In the Houston Independent School District alone, Superintendent Richard Carranza estimates about one in ten students are Dreamers — about 20,000 students

Maritza, a senior at Furr High School in Houston, works in her college prep class, where students research and apply to universities. Harvey flooded her home and delayed the start of school, causing her to miss a DACA application deadline.

During lunch at school, Maritza skips hanging out with friends in the cafeteria. Instead, she heads to her history teacher’s room at Furr High School, where they pore over a scholarship essay.

In 250 words, she explains how her dance troupe has taught her leadership skills. If it’s the winning entry, she could earn $1,000 for college.

A lot is riding on scholarships like these for Maritza, whom News 88.7 is identifying by her middle name to protect her identity.

Just a few months ago, she had a different college plan: Apply for the Deferred Action for Childhood Arrivals program, or DACA; earn a temporary work permit and gain some protection from deportation.

That way, she figured, she could work to help pay for college. And she could pursue her dream career in journalism after graduation. So, over months, her family saved up about a thousand dollars to pay for an attorney and file the paperwork for DACA. All she needed were school records to finish her application.

But then Hurricane Harvey came, flooded her family’s home in East Houston and shut down school for two weeks.

MORE: Laura Isensee On How DACA’s End Is Affecting Houston Students

While Maritza and her mom took a break from cleaning, they watched U.S. Attorney General Jeff Sessions announce on live T.V. that the Trump Administration was ending DACA and cutting off new applications for immigrants like Martiza.

“I wanted to cry but I didn’t,” said Maritza. “I felt like bad thing after bad thing after bad thing.”

She turned to her mom, who told her not to give up. 

“She said you know things happen for a reason and just because he took it out doesn’t mean that you can’t go to school, like, we will figure it out. Like we always do,” she recounted.

Like Maritza, thousands of young people in Houston are facing an uncertain future because of the Trump Administration’s directive on DACA. In the Houston Independent School District alone, Superintendent Richard Carranza estimates about one in 10 students are Dreamers — about 20,000 students.

“We cannot lose you and we will not abandon you,” Carranza said in a message to the district. “I believe in finding a solution where these Dreamers can keep reaching their dreams in the United States of America, a nation of immigrants.”

Superintendent Richard Carranza said that the decision to end DACA affects about 10 percent of the students in the state's largest school district.
Houston ISD Superintendent Richard Carranza said that the decision to end DACA affects about 10 percent of the students in the state’s largest school district.

Sessions tried to justify the new, tougher stance when he made the announcement in early September. “There’s nothing compassionate about the failure to enforce immigration laws,” he said.

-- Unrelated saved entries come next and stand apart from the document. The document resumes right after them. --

(* For every $\lambda$ and every integer $k\ge1$, $$\Big\{\operatorname{tr}\big((\lambda-L)^k\big),\ \mathcal{E}(\lambda)-\mathcal{G}(\lambda)\Big\}_0=0,$$ where $\mathcal{G}(\lambda)=\operatorname{tr}(X(\lambda-L)^\vee)$ and $\mathcal{E}(\lambda)=\mathbf{x}^T(\lambda-L)^\vee\mathbf{e}$. Consequently $\{I_k,\mathcal{E}(\lambda)-\mathcal{G}(\lambda)\}_0=0$ for all $k\ge1$.
   Context: Fix $n\ge1$. On the open subset of $\mathbb{R}^{2n}$ with coordinates $(x_1,\dots,x_n,p_1,\dots,p_n)$ where the $x_i$ are pairwise distinct, let $L$ be the $n\times n$ matrix with $L_{ij}=p_i\delta_{ij}+(1-\delta_{ij})/(x_i-x_j)$ and $X=\mathrm{diag}(x_1,\dots,x_n)$. $A^\vee$ denotes the adjugate of a square matrix $A$. $\mathbf{e}=(1,\dots,1)^T$, $\mathbf{x}=(x_1,\dots,x_n)^T$, $I_k=\frac1k\operatorname{tr}L^k$. $\{\cdot,\cdot\}_0$ is the canonical bracket with $\{p_i,x_j\}_0=\delta_{ij}$, $\{x_i,x_j\}_0=\{p_i,p_j\}_0=0$. *)

theory Defs
  imports "HOL-Analysis.Derivative" "Jordan_Normal_Form.Determinant"
begin

(* Phase-space points are pairs (x, p) of functions nat => real; only the
   coordinates 0..n-1 are relevant. *)

definition mtrace :: "real mat \<Rightarrow> real" where
  "mtrace A = (\<Sum>i<dim_row A. A $$ (i, i))"

definition Lmat :: "nat \<Rightarrow> (nat \<Rightarrow> real) \<Rightarrow> (nat \<Rightarrow> real) \<Rightarrow> real mat" where
  "Lmat n x p = mat n n (\<lambda>(i, j). if i = j then p i else 1 / (x i - x j))"

definition Xmat :: "nat \<Rightarrow> (nat \<Rightarrow> real) \<Rightarrow> real mat" where
  "Xmat n x = mat n n (\<lambda>(i, j). if i = j then x i else 0)"

definition shiftL :: "nat \<Rightarrow> real \<Rightarrow> (nat \<Rightarrow> real) \<Rightarrow> (nat \<Rightarrow> real) \<Rightarrow> real mat" where
  "shiftL n lam x p = lam \<cdot>\<^sub>m 1\<^sub>m n - Lmat n x p"

definition calG :: "nat \<Rightarrow> real \<Rightarrow> (nat \<Rightarrow> real) \<Rightarrow> (nat \<Rightarrow> real) \<Rightarrow> real" where
  "calG n lam x p = mtrace (Xmat n x * adj_mat (shiftL n lam x p))"

definition calE :: "nat \<Rightarrow> real \<Rightarrow> (nat \<Rightarrow> real) \<Rightarrow> (nat \<Rightarrow> real) \<Rightarrow> real" where
  "calE n lam x p = vec n x \<bullet> (adj_mat (shiftL n lam x p) *\<^sub>v vec n (\<lambda>_. 1))"

definition Ik :: "nat \<Rightarrow> nat \<Rightarrow> (nat \<Rightarrow> real) \<Rightarrow> (nat \<Rightarrow> real) \<Rightarrow> real" where
  "Ik n k x p = (1 / real k) * mtrace (Lmat n x p ^\<^sub>m k)"

definition pdx :: "((nat \<Rightarrow> real) \<Rightarrow> (nat \<Rightarrow> real) \<Rightarrow> real) \<Rightarrow> (nat \<Rightarrow> real) \<Rightarrow> (nat \<Rightarrow> real) \<Rightarrow> nat \<Rightarrow> real" where
  "pdx f x p i = deriv (\<lambda>t. f (x(i := t)) p) (x i)"

definition pdp :: "((nat \<Rightarrow> real) \<Rightarrow> (nat \<Rightarrow> real) \<Rightarrow> real) \<Rightarrow> (nat \<Rightarrow> real) \<Rightarrow> (nat \<Rightarrow> real) \<Rightarrow> nat \<Rightarrow> real" where
  "pdp f x p i = deriv (\<lambda>t. f x (p(i := t))) (p i)"

(* canonical bracket with {p_i, x_j}_0 = delta_ij *)
definition pbracket :: "nat \<Rightarrow> ((nat \<Rightarrow> real) \<Rightarrow> (nat \<Rightarrow> real) \<Rightarrow> real) \<Rightarrow> ((nat \<Rightarrow> real) \<Rightarrow> (nat \<Rightarrow> real) \<Rightarrow> real) \<Rightarrow> (nat \<Rightarrow> real) \<Rightarrow> (nat \<Rightarrow> real) \<Rightarrow> real" where
  "pbracket n f g x p = (\<Sum>i<n. pdp f x p i * pdx g x p i - pdx f x p i * pdp g x p i)"

end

But while other parts of the country heard rumors this change was coming and rushed last-minute applications out the door, many immigrant families couldn’t do that in Houston, according to Jill Campbell, an attorney with the social services nonprofit BakerRipley.

“We, unfortunately, were under water and couldn’t do that,” Campbell said.

But, Dreamers like Maritza still have options that are in their control, she said. Things like:

  • Visit with an attorney, to see if there are other ways to legalize their status;
  • Continue with school and pursue higher education if that’s their dream;
  • and take care of their mental health by connecting with others who face a similar situation.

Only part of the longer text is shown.